Using the discovery cohort (n = 80), miRNAs were first ranked by univariate association of expression level for each miRNA with recurrence-free survival (RFS) via Cox proportional hazards regression analysis with adjustment for tumor stage. Top-ranking miRNAs were used as candidates to be included in the multivariate Cox proportional hazards model. The 5 miRNA-signature was selected by minimizing Akaike’s information criterion (AIC) of the multivariate Cox proportional hazards model through stepwise selection [29, 30]. The linear combination of model predictors weighted by regression coefficients was defined as the risk score. A cutoff of the risk score was chosen to separate patients into high and low recurrence risk groups [31]. Kaplan-Meier survival curves for the resulting groups were plotted, and log-rank test was used to compare the two curves. To test the classifier, regression coefficients of the Cox model were applied to the validation cohort (n = 50) to obtain a risk score, and the same cutoff was used to predict RFS in the validation cohort.

The identified miRNA signature set was also evaluated for its utility in predicting 3-year RFS by logistic regression model using recurred patients (n = 25) and non-recurred patients (n = 44) with ≥3 years follow-up from the discovery cohort as cases and controls, respectively [32]. An optimal risk score cutoff using the Youden Index of the Receiver Operating Characteristic (ROC) curve was chosen to classify patients into high and low risk groups. Kaplan-Meier survival curves and log-rank tests were used to compare the RFS distributions of the two groups. The logistic model was used to predict recurrence risk in the validation cohort of 20 recurred and 16 non-recurred patients with ≥3 years follow-up. The same risk score cutoff was used to classify patients.

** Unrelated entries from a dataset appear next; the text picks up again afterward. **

lemma incr_moment1: "integrable M incr" "(\<integral>\<omega>. incr \<omega> \<partial>M) = (a + s^2/2) * dt"
proof -
  have eq: "incr = (\<lambda>\<omega>. a * dt + s * X \<omega> + s^2/2 * X \<omega>^2 + 0 * X \<omega>^3 + 0 * X \<omega>^4
      + 0 * X \<omega>^5 + 0 * X \<omega>^6 + 0 * X \<omega>^7 + 0 * X \<omega>^8)"
    by (simp add: incr_def fun_eq_iff)
  show "integrable M incr"
    unfolding eq by (rule integral_poly8_X)
  show "(\<integral>\<omega>. incr \<omega> \<partial>M) = (a + s^2/2) * dt"
    unfolding eq integral_poly8_X by (simp add: algebra_simps)
qed

lemma incr_moment2:
  "integrable M (\<lambda>\<omega>. incr \<omega> ^ 2)"
  "(\<integral>\<omega>. incr \<omega> ^ 2 \<partial>M) = s^2 * dt + dt^2 * milstein_mom2_coeff a s"
proof -
  define c q where "c = a * dt" and "q = s^2/2"
  have eq: "(\<lambda>\<omega>. incr \<omega> ^ 2) = (\<lambda>\<omega>. c^2 + 2 * c * s * X \<omega> + (s^2 + 2 * c * q) * X \<omega>^2
      + 2 * s * q * X \<omega>^3 + q^2 * X \<omega>^4 + 0 * X \<omega>^5 + 0 * X \<omega>^6 + 0 * X \<omega>^7 + 0 * X \<omega>^8)"
    unfolding incr_def c_def[symmetric] q_def[symmetric] by (rule ext) algebra
  show "integrable M (\<lambda>\<omega>. incr \<omega> ^ 2)"
    unfolding eq by (rule integral_poly8_X)
  show "(\<integral>\<omega>. incr \<omega> ^ 2 \<partial>M) = s^2 * dt + dt^2 * milstein_mom2_coeff a s"
    unfolding eq integral_poly8_X c_def q_def milstein_mom2_coeff_def by (simp add: field_simps) algebra
qed

lemma incr_moment3:
  "integrable M (\<lambda>\<omega>. incr \<omega> ^ 3)"
  "(\<integral>\<omega>. incr \<omega> ^ 3 \<partial>M) = dt^2 * milstein_mom3_coeff a s dt"
proof -
  define c q where "c = a * dt" and "q = s^2/2"
  have eq: "(\<lambda>\<omega>. incr \<omega> ^ 3) = (\<lambda>\<omega>. c^3 + 3 * c^2 * s * X \<omega> + (3 * c * s^2 + 3 * c^2 * q) * X \<omega>^2
      + (s^3 + 6 * c * s * q) * X \<omega>^3 + (3 * s^2 * q + 3 * c * q^2) * X \<omega>^4
      + 3 * s * q^2 * X \<omega>^5 + q^3 * X \<omega>^6 + 0 * X \<omega>^7 + 0 * X \<omega>^8)"
    unfolding incr_def c_def[symmetric] q_def[symmetric] by (rule ext) algebra
  show "integrable M (\<lambda>\<omega>. incr \<omega> ^ 3)"
    unfolding eq by (rule integral_poly8_X)
  show "(\<integral>\<omega>. incr \<omega> ^ 3 \<partial>M) = dt^2 * milstein_mom3_coeff a s dt"
    unfolding eq integral_poly8_X c_def q_def milstein_mom3_coeff_def by (simp add: field_simps) algebra
qed

lemma incr_moment4:
  "integrable M (\<lambda>\<omega>. incr \<omega> ^ 4)"
  "(\<integral>\<omega>. incr \<omega> ^ 4 \<partial>M) = dt^2 * milstein_mom4_coeff a s dt"
proof -
  define c q where "c = a * dt" and "q = s^2/2"
  have eq: "(\<lambda>\<omega>. incr \<omega> ^ 4) = (\<lambda>\<omega>. c^4 + 4 * c^3 * s * X \<omega> + (6 * c^2 * s^2 + 4 * c^3 * q) * X \<omega>^2
      + (4 * c * s^3 + 12 * c^2 * s * q) * X \<omega>^3 + (s^4 + 12 * c * s^2 * q + 6 * c^2 * q^2) * X \<omega>^4
      + (4 * s^3 * q + 12 * c * s * q^2) * X \<omega>^5 + (6 * s^2 * q^2 + 4 * c * q^3) * X \<omega>^6
      + 4 * s * q^3 * X \<omega>^7 + q^4 * X \<omega>^8)"
    unfolding incr_def c_def[symmetric] q_def[symmetric] by (rule ext) algebra
  show "integrable M (\<lambda>\<omega>. incr \<omega> ^ 4)"
    unfolding eq by (rule integral_poly8_X)
  show "(\<integral>\<omega>. incr \<omega> ^ 4 \<partial>M) = dt^2 * milstein_mom4_coeff a s dt"
    unfolding eq integral_poly8_X c_def q_def milstein_mom4_coeff_def by (simp add: field_simps) algebra
qed

lemma integral_factor_sq:
  "integrable M (\<lambda>\<omega>. (milstein_factor a s dt (X \<omega>))^2)"
  "(\<integral>\<omega>. (milstein_factor a s dt (X \<omega>))^2 \<partial>M) = milstein_ms_factor a s dt"
proof -
  have eq: "(\<lambda>\<omega>. (milstein_factor a s dt (X \<omega>))^2) = (\<lambda>\<omega>. 1 + 2 * incr \<omega> + incr \<omega> ^ 2)"
    by (simp add: factor_eq power2_eq_square algebra_simps)
  show "integrable M (\<lambda>\<omega>. (milstein_factor a s dt (X \<omega>))^2)"
    unfolding eq using incr_moment1(1) incr_moment2(1) by simp
  show "(\<integral>\<omega>. (milstein_factor a s dt (X \<omega>))^2 \<partial>M) = milstein_ms_factor a s dt"
    unfolding eq using incr_moment1 incr_moment2
    by (simp add: prob_space milstein_ms_factor_def algebra_simps)
qed

lemma ms_factor_pos: "0 < milstein_ms_factor a s dt"
proof -
  have "(\<integral>\<omega>. (1/4)^2 \<partial>M) \<le> (\<integral>\<omega>. (milstein_factor a s dt (X \<omega>))^2 \<partial>M)"
    using milstein_factor_ge_quarter[OF drift_small] dt_pos integral_factor_sq(1)
    by (intro integral_mono power_mono) auto
  then show ?thesis
    unfolding integral_factor_sq(2) by (simp add: prob_space power2_eq_square)
qed

lemma integrable_ln_factor: "integrable M (\<lambda>\<omega>. ln (milstein_factor a s dt (X \<omega>)))"
proof (rule Bochner_Integration.integrable_bound)
  show "integrable M (\<lambda>\<omega>. \<bar>incr \<omega> - incr \<omega>^2/2 + incr \<omega>^3/3\<bar> + 64 * incr \<omega>^4)"
    using incr_moment1(1) incr_moment2(1) incr_moment3(1) incr_moment4(1) by simp
  show "AE \<omega> in M. norm (ln (milstein_factor a s dt (X \<omega>)))
      \<le> norm (\<bar>incr \<omega> - incr \<omega>^2/2 + incr \<omega>^3/3\<bar> + 64 * incr \<omega>^4)"
  proof (rule AE_I2)
    fix \<omega>
    have "-1 < incr \<omega>" using incr_ge[of \<omega>] by simp
    then show "norm (ln (milstein_factor a s dt (X \<omega>)))
        \<le> norm (\<bar>incr \<omega> - incr \<omega>^2/2 + incr \<omega>^3/3\<bar> + 64 * incr \<omega>^4)"
      using ln_one_plus_le_cubic[of "incr \<omega>"] ln_one_plus_ge_quartic[OF incr_ge, of \<omega>]
        zero_le_even_power[of 4 "incr \<omega>"]
      unfolding factor_eq by (simp add: abs_le_iff) linarith
  qed
qed simp

lemma integral_ln_factor: "(\<integral>\<omega>. ln (milstein_factor a s dt (X \<omega>)) \<partial>M) = milstein_log_drift a s dt"
  unfolding milstein_log_drift_def
  by (rule distributed_integral[OF X_normal, symmetric]) (simp_all add: normal_density_nonneg)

As a subset analysis to demonstrate the utility of serum miRNAs beyond tumor stage, we built a logistic model using the panel of 11 prioritized miRNAs in all stage II patients and examined its ability to distinguish patients with and without recurrence by cross validation, and examined the RFS difference using Kaplan-Meier curves between the predicted high vs. low risk groups. Longitudinal changes in miRNA expression were assessed using two-sided Student’s t tests (p < 0.05). All statistical analyses were performed in R 2.12.0.

The reported results are based on Ct values that passed QC but without further normalization. To assess the method for analysis, various ways of normalizing miRNA expression were explored (i.e. median normalization: shift Ct values on each panel by additive constants such that the medians of miRNA expression are the same across panels). The resulting candidate set of miRNAs identified were similar to those obtained when data were not normalized; moreover, selected classifiers worked well whether Ct values were normalized or not, indicating the robustness of the developed models.

Results

Clinical and pathologic characteristics of the 130 patients used in prognostic modeling are presented in Table 1. Recurrence status stratified by stage for patients in the discovery and validation cohorts is shown in Table 2. The median time of follow-up for survivors was 42.5 months (range, 17–237 months).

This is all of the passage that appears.